Hägersten SK
- Full name: Hägersten Sportklubb
- Founded: 1933
- Ground: Hägerstensåsens BP Hägersten Sweden
- Chairman: Per Åfeldt
- League: Division 4 Stockholm Södra
| Home colours |

= Hägersten SK =

Swedish football club

Hägersten SK was a Swedish football club located in Hägersten within the borough of Hägersten-Liljeholmen.In 2018, they merged with Mälarhöjdens IK to become Mälarhöjden-Hägersten FF.

==Background==
Hägersten SK currently plays in Division 4 Stockholm Södra which is the sixth tier of Swedish football. They play their home matches at the Hägerstensåsens BP in Hägersten.

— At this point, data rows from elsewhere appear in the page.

lemma separation_from_nonpositive_axis:
  fixes E :: "('a::euclidean_space \<times> real) set"
  assumes "compact E" "E \<noteq> {}" "\<forall>r\<ge>0. (0, -r) \<notin> convex hull E"
  obtains u s where "s \<le> 0" "\<And>a t. (a, t) \<in> E \<Longrightarrow> u \<bullet> a + s * t < 0"
proof -
  define N :: "('a \<times> real) set" where "N = {0} \<times> {..0}"
  have "(0, - (- t)) \<notin> convex hull E" if "t \<le> 0" for t
    using assms(3) that by (metis neg_0_le_iff_le)
  then have "convex hull E \<inter> N = {}"
    by (auto simp: N_def)
  moreover have "convex hull E \<noteq> {}" "convex N" "closed N"
    using assms(2) by (auto simp: N_def intro: convex_Times closed_Times)
  ultimately obtain u s \<beta> where
      sep: "\<forall>x\<in>convex hull E. (u, s) \<bullet> x < \<beta>" "\<forall>x\<in>N. \<beta> < (u, s) \<bullet> x"
    using separating_hyperplane_compact_closed[OF convex_convex_hull compact_convex_hull[OF assms(1)]]
    by (metis surj_pair)
  have "\<beta> < 0"
    using sep(2)[rule_format, of "(0, 0)"] by (simp add: N_def)
  have "s \<le> 0"
  proof (rule ccontr)
    assume "\<not> s \<le> 0"
    then have "(0, \<beta> / s) \<in> N"
      using \<open>\<beta> < 0\<close> by (simp add: N_def divide_nonpos_pos)
    then show False
      using sep(2) \<open>\<not> s \<le> 0\<close> by force
  qed
  moreover have "u \<bullet> a + s * t < 0" if "(a, t) \<in> E" for a t
    using sep(1) hull_inc[OF that] \<open>\<beta> < 0\<close> by force
  ultimately show ?thesis
    using that by blast
qed

lemma nonpositive_axis_meets_convex_hull:
  fixes E :: "('a::euclidean_space \<times> real) set"
  assumes "compact E"
    and units: "\<And>a. norm a = 1 \<Longrightarrow> \<exists>t. (a, t) \<in> E"
    and nonneg: "\<And>u s. s < 0 \<Longrightarrow> \<exists>(a, t)\<in>E. 0 \<le> u \<bullet> a + s * t"
  shows "\<exists>r\<ge>0. (0, -r) \<in> convex hull E"
proof (rule ccontr)
  obtain a0 :: 'a where a0: "norm a0 = 1"
    using norm_Basis[OF SOME_Basis] by blast
  then obtain t t' where E: "(a0, t) \<in> E" "(-a0, t') \<in> E"
    using units by (metis norm_minus_cancel)
  assume "\<not> ?thesis"
  then have "\<forall>r\<ge>0. (0, -r) \<notin> convex hull E"
    by blast
  moreover have "E \<noteq> {}"
    using E(1) by blast
  ultimately obtain u s where "s \<le> 0" and neg: "\<And>a t. (a, t) \<in> E \<Longrightarrow> u \<bullet> a + s * t < 0"
    using separation_from_nonpositive_axis[OF assms(1)] by metis
  show False
  proof (cases "s = 0")
    case True
    then show False
      using neg[OF E(1)] neg[OF E(2)] by simp
  next
    case False
    then show False
      using nonneg[of s u] neg \<open>s \<le> 0\<close> by fastforce
  qed
qed

(* The pairs (a, t) with a a unit vector and t >= h_K(a) - h_V(a), where h denotes the support
  function; the cap T makes the set compact. *)
definition gap_epigraph :: "'a::real_inner set \<Rightarrow> 'a set \<Rightarrow> real \<Rightarrow> ('a \<times> real) set" where
  "gap_epigraph K V T = {(a, t). norm a = 1 \<and> t \<le> T \<and> (\<forall>y\<in>K. \<exists>v\<in>V. a \<bullet> (y - v) \<le> t)}"

lemma in_gap_epigraph_min:
  assumes "norm a = 1" "\<forall>y\<in>K. \<exists>v\<in>V. a \<bullet> (y - v) \<le> t"
    and T: "\<And>y v. y \<in> K \<Longrightarrow> v \<in> V \<Longrightarrow> norm (y - v) \<le> T"
  shows "(a, min t T) \<in> gap_epigraph K V T"
proof -
  have "a \<bullet> (y - v) \<le> T" if "y \<in> K" "v \<in> V" for y v
    using norm_cauchy_schwarz[of a "y - v"] T[OF that] assms(1) by simp
  then show ?thesis
    using assms(1,2) by (fastforce simp: gap_epigraph_def min_def)
qed

lemma compact_gap_epigraph:
  fixes K V :: "'a::euclidean_space set"
  assumes "finite V" "K \<noteq> {}"
    and T: "\<And>y v. y \<in> K \<Longrightarrow> v \<in> V \<Longrightarrow> norm (y - v) \<le> T"
  shows "compact (gap_epigraph K V T)"
proof -
  have eq: "gap_epigraph K V T = ({p. norm (fst p) = 1} \<inter> {p. snd p \<le> T}) \<inter>
      (\<Inter>y\<in>K. \<Union>v\<in>V. {p. fst p \<bullet> (y - v) \<le> snd p})"
    by (auto simp: gap_epigraph_def)
  have "closed (gap_epigraph K V T)"
    unfolding eq by (intro closed_Int closed_INT ballI closed_UN assms(1) closed_Collect_le
        closed_Collect_eq continuous_intros)
  moreover have "gap_epigraph K V T \<subseteq> sphere 0 1 \<times> {-T..T}"
  proof safe
    fix a t assume p: "(a, t) \<in> gap_epigraph K V T"
    obtain y where "y \<in> K"
      using assms(2) by blast
    then obtain v where "v \<in> V" "a \<bullet> (y - v) \<le> t"
      using p by (auto simp: gap_epigraph_def)
    moreover have "- norm (y - v) \<le> a \<bullet> (y - v)"
      using norm_cauchy_schwarz[of "-a" "y - v"] p by (simp add: gap_epigraph_def)
    ultimately show "t \<in> {-T..T}"
      using T[OF \<open>y \<in> K\<close>] p by (force simp: gap_epigraph_def)
  qed (auto simp: gap_epigraph_def)
  ultimately show ?thesis
    by (metis compact_Icc compact_Times compact_sphere compact_Int_closed inf.absorb_iff2)
qed

lemma gap_epigraph_certificate:
  fixes K V :: "'a::euclidean_space set"
  assumes "convex K" "K \<noteq> {}" "finite V"
    and T: "\<And>y v. y \<in> K \<Longrightarrow> v \<in> V \<Longrightarrow> norm (y - v) \<le> T"
    and free: "\<And>b. \<not> (\<lambda>v. v + b) ` V \<subseteq> interior K"
  shows "\<exists>r\<ge>0. (0, -r) \<in> convex hull gap_epigraph K V T"
proof (rule nonpositive_axis_meets_convex_hull)
  show "compact (gap_epigraph K V T)"
    by (rule compact_gap_epigraph[OF assms(3,2) T])
  fix a :: 'a assume "norm a = 1"
  moreover obtain v where "v \<in> V"
    using free[of 0] by auto
  then have "\<forall>y\<in>K. \<exists>v\<in>V. a \<bullet> (y - v) \<le> T"
    using norm_cauchy_schwarz[of a] T \<open>norm a = 1\<close> by (metis mult_1 order.trans)
  ultimately show "\<exists>t. (a, t) \<in> gap_epigraph K V T"
    using in_gap_epigraph_min[OF _ _ T] by blast
next
  fix u :: 'a and s :: real assume "s < 0"
  \<comment> \<open>chosen so that s * (a \<bullet> b) = - (u \<bullet> a) for every a\<close>
  define b where "b = (-1 / s) *\<^sub>R u"
  obtain v where "v \<in> V" "v + b \<notin> interior K"
    using free[of b] by blast
  then obtain a where a: "norm a = 1" "K \<subseteq> {y. a \<bullet> y \<le> a \<bullet> (v + b)}"
    using supporting_halfspace_at_non_interior_point assms(1) by blast
  have "a \<bullet> (y - v) \<le> a \<bullet> b" if "y \<in> K" for y
    using a(2) that by (auto simp: inner_diff_right inner_add_right)
  then have "(a, min (a \<bullet> b) T) \<in> gap_epigraph K V T"
    using in_gap_epigraph_min[OF a(1) _ T] \<open>v \<in> V\<close> by blast
  moreover have "0 \<le> u \<bullet> a + s * min (a \<bullet> b) T"
    using \<open>s < 0\<close> mult_left_mono_neg[of "min (a \<bullet> b) T" "a \<bullet> b" s]
    by (simp add: b_def inner_commute)
  ultimately show "\<exists>(a, t)\<in>gap_epigraph K V T. 0 \<le> u \<bullet> a + s * t"
    by blast
qed

lemma blocking_halfspaces_translates:
  fixes K V :: "'a::euclidean_space set"
  assumes "compact K" "convex K" "K \<noteq> {}" "finite V"
    and free: "\<And>b. \<not> (\<lambda>v. v + b) ` V \<subseteq> interior K"
  shows "\<exists>H. blocking_halfspaces K H (range (\<lambda>b. (\<lambda>v. v + b) ` V))"
proof -
  obtain R where R: "\<And>z. z \<in> K \<union> V \<Longrightarrow> norm z \<le> R"
    using assms by (meson bounded_Un bounded_iff compact_imp_bounded finite_imp_bounded)
  have T: "norm (y - v) \<le> 2 * R" if "y \<in> K" "v \<in> V" for y v
    using norm_triangle_ineq4[of y v] R[of y] R[of v] that by simp
  obtain r where "r \<ge> 0" "(0, -r) \<in> convex hull gap_epigraph K V (2 * R)"
    using gap_epigraph_certificate[OF assms(2-4) T free] by blast
  then obtain S where S: "finite S" "S \<subseteq> gap_epigraph K V (2 * R)" "(0, -r) \<in> convex hull S"
    using caratheodory_aff_dim[of "gap_epigraph K V (2 * R)"] by blast
  have "\<exists>y\<in>K. \<forall>z\<in>K. a \<bullet> z \<le> a \<bullet> y" for a
    by (rule continuous_attains_sup[OF assms(1,3)]) (intro continuous_intros)
  then obtain ymax where ymax: "\<And>a. ymax a \<in> K" "\<And>a y. y \<in> K \<Longrightarrow> a \<bullet> y \<le> a \<bullet> ymax a"
    by metis
  define H where "H = (\<lambda>(a, t). (a, a \<bullet> ymax a)) ` S"
  have "\<not> (\<lambda>v. v + b) ` V \<subseteq> (\<Inter>(a, t)\<in>H. {y. a \<bullet> y < t})" for b
  proof
    assume inside: "(\<lambda>v. v + b) ` V \<subseteq> (\<Inter>(a, t)\<in>H. {y. a \<bullet> y < t})"
    have "a \<bullet> b < t" if p: "(a, t) \<in> S" for a t
    proof -
      obtain v where "v \<in> V" "a \<bullet> (ymax a - v) \<le> t"
        using S(2) p ymax(1) by (force simp: gap_epigraph_def)
      moreover have "a \<bullet> (v + b) < a \<bullet> ymax a"
        using inside \<open>v \<in> V\<close> p by (force simp: H_def)
      ultimately show ?thesis
        by (simp add: inner_diff_right inner_add_right)
    qed
    then have "convex hull S \<subseteq> {p. 0 < (-b, 1) \<bullet> p}"
      by (intro hull_minimal convex_halfspace_gt) (auto simp: inner_commute)
    then show False
      using S(3) \<open>r \<ge> 0\<close> by auto
  qed
  moreover have "finite H" "\<forall>(a, t)\<in>H. a \<noteq> 0 \<and> K \<subseteq> {y. a \<bullet> y \<le> t}"
    using S(1,2) ymax(2) by (fastforce simp: H_def gap_epigraph_def)+
  ultimately show ?thesis
    unfolding blocking_halfspaces_def by blast
qed

lemma matrix_entry_bound_of_bounded_affine_image:
  fixes M :: "real^'n^'m"
  assumes "r > 0" "ball c r \<subseteq> X" and B: "\<And>x. x \<in> X \<Longrightarrow> norm (M *v x + b) \<le> B"
  shows "\<bar>M $ i $ j\<bar> \<le> 4 * B / r"
proof -
  define e :: "real^'n" where "e = axis j 1"
  have "c \<in> X" "c + (r / 2) *\<^sub>R e \<in> X"
    using assms(1,2) by (auto simp: e_def dist_norm)
  then have "norm ((M *v (c + (r / 2) *\<^sub>R e) + b) - (M *v c + b)) \<le> 2 * B"
    using B norm_triangle_ineq4 by (smt (verit))
  then have "(r / 2) * norm (M *v e) \<le> 2 * B"
    using assms(1) by (simp add: matrix_vector_right_distrib matrix_vector_mult_scaleR)
  moreover have "\<bar>M $ i $ j\<bar> \<le> norm (M *v e)"
    using component_le_norm_cart[of "M *v e" i]
    by (simp add: e_def matrix_vector_mult_basis column_def)
  ultimately have "(r / 2) * \<bar>M $ i $ j\<bar> \<le> 2 * B"
    using mult_left_mono[of "\<bar>M $ i $ j\<bar>" "norm (M *v e)" "r / 2"] assms(1) by linarith
  then show ?thesis
    using assms(1) by (simp add: field_simps)
qed

lemma finite_GL_int_images_within_bounded:
  fixes X P :: "(real^'d) set"
  assumes "interior X \<noteq> {}" "bounded P"
  shows "finite {M \<in> GL_int. \<exists>b. (\<lambda>x. M *v x + b) ` X \<subseteq> P}"
proof -
  obtain c r where r: "r > 0" "ball c r \<subseteq> X"
    using assms(1) by (metis all_not_in_conv mem_interior)
  obtain B where B: "\<And>x. x \<in> P \<Longrightarrow> norm x \<le> B"
    using assms(2) by (auto simp: bounded_iff)
  let ?F = "{k \<in> \<int>. \<bar>k\<bar> \<le> 4 * B / r}"
  have "{M \<in> GL_int. \<exists>b. (\<lambda>x. M *v x + b) ` X \<subseteq> P} \<subseteq> {M. \<forall>i. M $ i \<in> {x. \<forall>j. x $ j \<in> ?F}}"
  proof safe
    fix M b i j assume M: "M \<in> GL_int" and MX: "(\<lambda>x. M *v x + b) ` X \<subseteq> P"
    show "M $ i $ j \<in> \<int>"
      using M by (simp add: GL_int_def)
    show "\<bar>M $ i $ j\<bar> \<le> 4 * B / r"
      using MX B by (intro matrix_entry_bound_of_bounded_affine_image[OF r]) blast
  qed
  then show ?thesis
    by (rule finite_subset) (intro finite_vectors_with_components_in finite_abs_int_segment)
qed

lemma finite_integral_copies_within_bounded:
  fixes X P :: "(real^'d) set"
  assumes "interior X \<noteq> {}" "bounded P"
  shows "finite {Y. unimodular_copy \<int> X Y \<and> Y \<subseteq> P}"
proof -
  let ?FM = "{M \<in> GL_int. \<exists>b. (\<lambda>x. M *v x + b) ` X \<subseteq> P}"
  obtain c where c: "c \<in> X"
    using assms(1) interior_subset by blast
  obtain B where B: "\<And>x. x \<in> P \<Longrightarrow> norm x \<le> B"
    using assms(2) by (auto simp: bounded_iff)
  let ?Fb = "\<lambda>M. {b. \<forall>i. b $ i \<in> {k \<in> \<int>. \<bar>k\<bar> \<le> B + norm (M *v c)}}"
  have "\<bar>b $ i\<bar> \<le> B + norm (M *v c)" if "(\<lambda>x. M *v x + b) ` X \<subseteq> P" for M b i
  proof -
    have "\<bar>b $ i\<bar> \<le> norm ((M *v c + b) - M *v c)"
      by (simp add: component_le_norm_cart)
    also have "\<dots> \<le> norm (M *v c + b) + norm (M *v c)"
      by (rule norm_triangle_ineq4)
    finally show ?thesis
      using B that c by force
  qed
  then have "{Y. unimodular_copy \<int> X Y \<and> Y \<subseteq> P} \<subseteq> (\<lambda>(M, b). (\<lambda>x. M *v x + b) ` X) ` Sigma ?FM ?Fb"
    by (fastforce simp: unimodular_copy_def intro: rev_image_eqI)
  moreover have "finite (Sigma ?FM ?Fb)"
    using finite_GL_int_images_within_bounded[OF assms]
    by (intro finite_SigmaI finite_vectors_with_components_in finite_abs_int_segment)
  ultimately show ?thesis
    using finite_subset by blast
qed

lemma X_free_imp_copy_not_in_interior:
  assumes "X_free A X K" "unimodular_copy A X Y"
  shows "\<not> Y \<subseteq> interior K"
  using assms interior_subset_rel_interior unfolding X_free_def by (meson order_trans)

lemma aff_dim_unimodular_copy:
  assumes "unimodular_copy A X Y"
  shows "aff_dim Y = aff_dim X"
proof -
  obtain M b where M: "invertible M" and Y: "Y = (+) b ` ((\<lambda>x. M *v x) ` X)"
    using assms by (auto simp: unimodular_copy_def GL_int_def image_image add.commute)
  show ?thesis
    unfolding Y aff_dim_translation_eq
    using inj_matrix_vector_mult[OF M] by (intro aff_dim_injective_linear_image) auto
qed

The club is affiliated to Stockholms Fotbollförbund.

==Season to season==

| Season | Level | Division | Section | Position | Movements |
|---|---|---|---|---|---|
| 2006* | Tier 7 | Division 5 | Stockholm Södra | 6th |  |
| 2007 | Tier 7 | Division 5 | Stockholm Södra | 5th |  |
| 2008 | Tier 7 | Division 5 | Stockholm Södra | 2nd | Promoted |
| 2009 | Tier 6 | Division 4 | Stockholm Södra | 5th |  |
| 2010 | Tier 6 | Division 4 | Stockholm Södra | 7th |  |
| 2011 | Tier 6 | Division 4 | Stockholm Södra |  |  |

- League restructuring in 2006 resulted in a new division being created at Tier 3 and subsequent divisions dropping a level.